By KHRISNA VIRGIL
Tribune Staff Reporter
TWO local companies have refused to do business with the Bahamas Electricity Corporation because the “cash-strapped” organisation has outstanding accounts with balances in the thousands, according to BEC Executive Chairman Leslie Miller yesterday.
According to Mr Miller, Albury’s Supply Company – which provides BEC with automotive service parts and maintenance – last week suspended the corporation’s account until payment was made. This week he said a second company did the same.
He said the corporation was drowning in a $450m debt.
Despite BEC’s poor financial position, Mr Miller said the 1,200 people employed at the corporation were still slated to receive hefty Christmas bonuses ranging from $1,200 to $3,000.
He said the corporation was looking at a ballpark figure of around $1.3m for this year’s holiday payout. Mr Miller made the revelation as a guest on Guardian Talk Radio’s “Let’s Talk Live”.
However, Mr Miller’s candid discussion during the talk show infuriated Bahamas Electrical Workers Union (BEWU) President Paul Maynard.
In an interview with The Tribune, Mr Maynard accused Mr Miller of “being childish and acting like a spoiled brat”.
This comes in the wake of continued tension between the union and Mr Miller over an industrial agreement that has not been approved. He said the BEWU was expected to visit the Department of Labour today at 11am to begin the process of obtaining a strike vote.
Meanwhile, the union remains on work to rule.
“There is no point in Mr Miller talking to me if one of my members get hurt because of him spreading people’s personal information about salaries and bonuses,” Mr Maynard said.
Mr Miller told The Tribune: “What usually happens is we have to pay Shell for fuel before we do anything else. Each month we have to ration. It’s not that we don’t have the money but every month it’s like robbing Peter to pay Paul.
“I don’t think it was that much of money owed. It was in the thousands because we usually pay every five or six weeks.”
As it stands, Mr Miller said BEC pays out $48 million in salaries annually with 25 per cent of that figure allocated to overtime pay.
“BEC employees have always been the highest paid workers in this country,” he said.
“The average salary in BEC exceeds $40,000 (per year) while the average salary in the public service is around $18,000. So the first thing you look at is where can we cut costs? Where can we make this corporation a viable entity to take the load off the backs of Bahamian people?
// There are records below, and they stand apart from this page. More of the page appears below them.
(* Let $\mathcal{B}_q=\{f\in\operatorname{End}_KV^{\otimes r}:\pi_r(T'_i)f=f\pi_r(T'_i)\ \text{for } i=1,\dots,r-1\}$, $\mathcal{B}_q^\dagger=\{f\in\operatorname{End}_KV^{\otimes r}:\pi_r(T'_i)f=-f\pi_r(T'_i)\ \text{for } i=1,\dots,r-1\}$ and $\mathcal{D}_q=\{f\in\operatorname{End}_KV^{\otimes r}:\pi_r(T'_1T'_{i+1})f=f\pi_r(T'_1T'_{i+1})\ \text{for } i=1,\dots,r-2\}$. Then $\mathcal{D}_q=\mathcal{B}_q\oplus\mathcal{B}_q^\dagger$.
   Context: $q$ is an indeterminate, $K=\mathbb{Q}(q)$, $r\ge2$, $m,n\ge0$ with $m+n\ge1$. $V$ is a $\mathbb{Z}_2$-graded $K$-vector space with basis $v_1,\dots,v_{m+n}$, where $|v_k|=0$ for $k\le m$ and $|v_k|=1$ for $k>m$. $T'$ is the operator on $V\otimes V$ given by $T'(v_k\otimes v_k)=(-1)^{|v_k|}v_k\otimes v_k$; for $k<l$, $T'(v_k\otimes v_l)=\frac{2(-1)^{|v_k||v_l|}}{q+q^{-1}}v_l\otimes v_k+\frac{q-q^{-1}}{q+q^{-1}}v_k\otimes v_l$; for $k>l$, $T'(v_k\otimes v_l)=\frac{2(-1)^{|v_k||v_l|}}{q+q^{-1}}v_l\otimes v_k-\frac{q-q^{-1}}{q+q^{-1}}v_k\otimes v_l$. The $q$-permutation representation $\pi_r$ of the Iwahori–Hecke algebra $\mathcal{H}_{K,r}(q)$ (generators $T_i$, $T_i^2=(q-q^{-1})T_i+1$, braid relations) on $V^{\otimes r}$ is the representation with $\pi_r(T'_i)=\mathrm{Id}^{\otimes i-1}\otimes T'\otimes\mathrm{Id}^{\otimes r-i-1}$, where $T'_i=\frac{2T_i-(q-q^{-1})}{q+q^{-1}}$. *)

theory Defs
  imports "HOL-Computational_Algebra.Polynomial" "HOL-Computational_Algebra.Fraction_Field"
begin

text \<open>The field K = Q(q): fractions of rational polynomials; q is the indeterminate.\<close>
type_synonym K = "rat poly fract"

definition qK :: K where "qK = Fract [:0, 1:] 1"

text \<open>Basis vectors v_1..v_(m+n) are indexed 0..m+n-1 here; index k is even iff k < m.
  sgnK m k = (-1)^|v_k|, sgn2 m k l = (-1)^(|v_k| |v_l|).\<close>
definition par :: "nat \<Rightarrow> nat \<Rightarrow> nat" where "par m k = (if k < m then 0 else 1)"

definition sgn2 :: "nat \<Rightarrow> nat \<Rightarrow> nat \<Rightarrow> K" where
  "sgn2 m k l = (-1) ^ (par m k * par m l)"

text \<open>Tcoef m a b k l = coefficient of v_a \<otimes> v_b in T'(v_k \<otimes> v_l).\<close>
definition Tcoef :: "nat \<Rightarrow> nat \<Rightarrow> nat \<Rightarrow> nat \<Rightarrow> nat \<Rightarrow> K" where
  "Tcoef m a b k l =
    (if k = l then (if a = k \<and> b = l then (-1) ^ par m k else 0)
     else if k < l then
       (if a = l \<and> b = k then 2 * sgn2 m k l / (qK + inverse qK)
        else if a = k \<and> b = l then (qK - inverse qK) / (qK + inverse qK) else 0)
     else
       (if a = l \<and> b = k then 2 * sgn2 m k l / (qK + inverse qK)
        else if a = k \<and> b = l then - (qK - inverse qK) / (qK + inverse qK) else 0))"

text \<open>Basis of V^{\<otimes>r}: words of length r over {0..<N}, N = m+n.
  K-endomorphisms of V^{\<otimes>r} are represented by their matrices w.r.t. this basis:
  functions f u w (row u = output, column w = input) vanishing outside words.\<close>
definition words :: "nat \<Rightarrow> nat \<Rightarrow> nat list set" where
  "words N r = {w. length w = r \<and> set w \<subseteq> {..<N}}"

definition is_end :: "nat \<Rightarrow> nat \<Rightarrow> (nat list \<Rightarrow> nat list \<Rightarrow> K) \<Rightarrow> bool" where
  "is_end N r f \<longleftrightarrow> (\<forall>u w. u \<notin> words N r \<or> w \<notin> words N r \<longrightarrow> f u w = 0)"

definition mmul :: "nat \<Rightarrow> nat \<Rightarrow> (nat list \<Rightarrow> nat list \<Rightarrow> K) \<Rightarrow> (nat list \<Rightarrow> nat list \<Rightarrow> K)
    \<Rightarrow> (nat list \<Rightarrow> nat list \<Rightarrow> K)" where
  "mmul N r f g = (\<lambda>u w. \<Sum>v\<in>words N r. f u v * g v w)"

text \<open>Matrix of pi_r(T'_i) = Id^{\<otimes>(i-1)} \<otimes> T' \<otimes> Id^{\<otimes>(r-i-1)}, 1 \<le> i \<le> r-1,
  acting on tensor positions i and i+1 (0-based positions i-1 and i).\<close>
definition piT :: "nat \<Rightarrow> nat \<Rightarrow> nat \<Rightarrow> nat \<Rightarrow> (nat list \<Rightarrow> nat list \<Rightarrow> K)" where
  "piT m n r i = (\<lambda>u w.
     if u \<in> words (m + n) r \<and> w \<in> words (m + n) r \<and>
        (\<forall>j<r. j \<noteq> i - 1 \<and> j \<noteq> i \<longrightarrow> u ! j = w ! j)
     then Tcoef m (u ! (i - 1)) (u ! i) (w ! (i - 1)) (w ! i) else 0)"

definition Bq :: "nat \<Rightarrow> nat \<Rightarrow> nat \<Rightarrow> (nat list \<Rightarrow> nat list \<Rightarrow> K) set" where
  "Bq m n r = {f. is_end (m + n) r f \<and>
     (\<forall>i\<in>{1..r - 1}. mmul (m + n) r (piT m n r i) f = mmul (m + n) r f (piT m n r i))}"

definition Bq_dag :: "nat \<Rightarrow> nat \<Rightarrow> nat \<Rightarrow> (nat list \<Rightarrow> nat list \<Rightarrow> K) set" where
  "Bq_dag m n r = {f. is_end (m + n) r f \<and>
     (\<forall>i\<in>{1..r - 1}. mmul (m + n) r (piT m n r i) f =
        (\<lambda>u w. - mmul (m + n) r f (piT m n r i) u w))}"

definition Dq :: "nat \<Rightarrow> nat \<Rightarrow> nat \<Rightarrow> (nat list \<Rightarrow> nat list \<Rightarrow> K) set" where
  "Dq m n r = {f. is_end (m + n) r f \<and>
     (\<forall>i\<in>{1..r - 2}.
        let P = mmul (m + n) r (piT m n r 1) (piT m n r (i + 1))
        in mmul (m + n) r P f = mmul (m + n) r f P)}"

end

theory Submission
  imports Defs
begin

text \<open>Every pi_r(T'_i) is an involution: on the span of v_k \<otimes> v_l and v_l \<otimes> v_k the
  operator T' has trace 0 and determinant -1, the latter because (q - q^-1)^2 + 4 = (q + q^-1)^2.
  Given f in D_q put g = T'_1 f T'_1. As T'_1 T'_i commutes with f and T'_1 is an involution,
  T'_i f = g T'_i and T'_i g = f T'_i for all i, so (f + g)/2 lies in B_q and (f - g)/2 in
  B_q^dagger. Conversely, a product of two operators that both commute, or both anticommute,
  with f commutes with f. Finally, if f both commutes and anticommutes with the invertible
  T'_1, then f T'_1 = 0 and hence f = 0.\<close>

lemma minus_inverse_div_plus_inverse_identity:
  fixes x :: "'a :: field"
  assumes "x \<noteq> 0" and "x + inverse x \<noteq> 0"
  shows "((x - inverse x) / (x + inverse x))^2 + 4 / (x + inverse x)^2 = 1"
proof -
  have "(x - inverse x)^2 + 4 = (x + inverse x)^2"
    using assms(1) by (simp add: power2_eq_square algebra_simps)
  then show ?thesis
    using assms(2) by (simp add: power_divide add_divide_distrib[symmetric])
qed

lemma qK_nonzero: "qK \<noteq> 0"
  unfolding qK_def by (simp add: Zero_fract_def eq_fract)

lemma qK_plus_inverse_nonzero: "qK + inverse qK \<noteq> 0"
proof
  assume "qK + inverse qK = 0"
  then have "qK * qK + 1 = 0"
    using qK_nonzero by (simp add: field_simps)
  moreover have "qK * qK + 1 = Fract ([:0, 1:] * [:0, 1:] + 1) 1"
    unfolding qK_def by (simp add: One_fract_def)
  moreover have "coeff ([:0, 1:] * [:0, 1:] + 1) 2 = (1::rat)"
    by (simp add: coeff_add coeff_1 numeral_2_eq_2)
  ultimately show False
    by (auto simp add: Zero_fract_def eq_fract)
qed

lemma Tcoef_eq_0:
  assumes "\<not> (a = k \<and> b = l)" and "\<not> (a = l \<and> b = k)"
  shows "Tcoef m a b k l = 0"
  \<comment> \<open>\<open>simp\<close> without \<open>only\<close> diverges on the quotients in the discarded branches.\<close>
  unfolding Tcoef_def by (simp only: assms if_False if_cancel)

lemma Tcoef_diag_square: "Tcoef m k k k k * Tcoef m k k k k = 1"
  unfolding Tcoef_def by (simp flip: power_mult_distrib)

lemma Tcoef_offdiag_square:
  assumes "k \<noteq> l"
  shows "Tcoef m k l k l * Tcoef m k l k l + Tcoef m k l l k * Tcoef m l k k l = 1"
proof -
  let ?D = "qK + inverse qK"
  have "sgn2 m l k * sgn2 m k l = 1"
    unfolding sgn2_def by (simp add: mult.commute flip: power_add mult_2)
  then have "Tcoef m k l l k * Tcoef m l k k l = 4 / ?D^2"
    using assms unfolding Tcoef_def by (simp add: power2_eq_square)
  moreover have "Tcoef m k l k l * Tcoef m k l k l = ((qK - inverse qK) / ?D)^2"
    using assms unfolding Tcoef_def by (simp add: power2_eq_square algebra_simps)
  ultimately show ?thesis
    using minus_inverse_div_plus_inverse_identity[OF qK_nonzero qK_plus_inverse_nonzero] by simp
qed

lemma Tcoef_offdiag_cancel:
  assumes "k \<noteq> l"
  shows "Tcoef m l k k l * Tcoef m k l k l + Tcoef m l k l k * Tcoef m l k k l = 0"
proof -
  have "Tcoef m l k l k = - Tcoef m k l k l"
    using assms unfolding Tcoef_def by (simp add: minus_divide_left)
  then show ?thesis by (simp add: algebra_simps)
qed

lemma finite_words: "finite (words N r)"
proof -
  have "words N r = {xs. set xs \<subseteq> {..<N} \<and> length xs = r}"
    unfolding words_def by auto
  then show ?thesis
    using finite_lists_length_eq[of "{..<N}" r] by simp
qed

definition id_mat :: "nat \<Rightarrow> nat \<Rightarrow> nat list \<Rightarrow> nat list \<Rightarrow> K" where
  "id_mat N r = (\<lambda>u w. if u \<in> words N r \<and> u = w then 1 else 0)"

lemma is_end_piT: "is_end (m + n) r (piT m n r i)"
  unfolding is_end_def piT_def by auto

lemma is_end_mmul: "is_end N r f \<Longrightarrow> is_end N r g \<Longrightarrow> is_end N r (mmul N r f g)"
  unfolding is_end_def mmul_def by auto

lemma mmul_assoc: "mmul N r (mmul N r f g) h = mmul N r f (mmul N r g h)"
proof (intro ext)
  fix u w
  have "mmul N r (mmul N r f g) h u w = (\<Sum>v\<in>words N r. \<Sum>x\<in>words N r. f u x * g x v * h v w)"
    unfolding mmul_def by (simp add: sum_distrib_right)
  also have "\<dots> = (\<Sum>x\<in>words N r. \<Sum>v\<in>words N r. f u x * g x v * h v w)"
    by (rule sum.swap)
  also have "\<dots> = mmul N r f (mmul N r g h) u w"
    unfolding mmul_def by (simp add: sum_distrib_left mult.assoc)
  finally show "mmul N r (mmul N r f g) h u w = mmul N r f (mmul N r g h) u w" .
qed

lemma mmul_id_mat_left:
  assumes "is_end N r f"
  shows "mmul N r (id_mat N r) f = f"
proof (intro ext)
  fix u w
  have "mmul N r (id_mat N r) f u w = (\<Sum>v\<in>words N r. if v = u then f v w else 0)"
    unfolding mmul_def id_mat_def by (intro sum.cong) auto
  then show "mmul N r (id_mat N r) f u w = f u w"
    using assms unfolding is_end_def by (simp add: sum.delta[OF finite_words])
qed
Four thousand of whom are (without electricity) today because they cannot pay their bills,” Mr Miller said during the show.
Mr Miller added that over the last decade, BEC has paid more than $100 million in overtime fees. He said moving forward, there were plans to reduce the payout to around $500,000 per year.
On Tuesday, around 100 BEWU members demonstrated outside BEC’s main offices and got into a heated confrontation with Mr Miller as he got out of his car.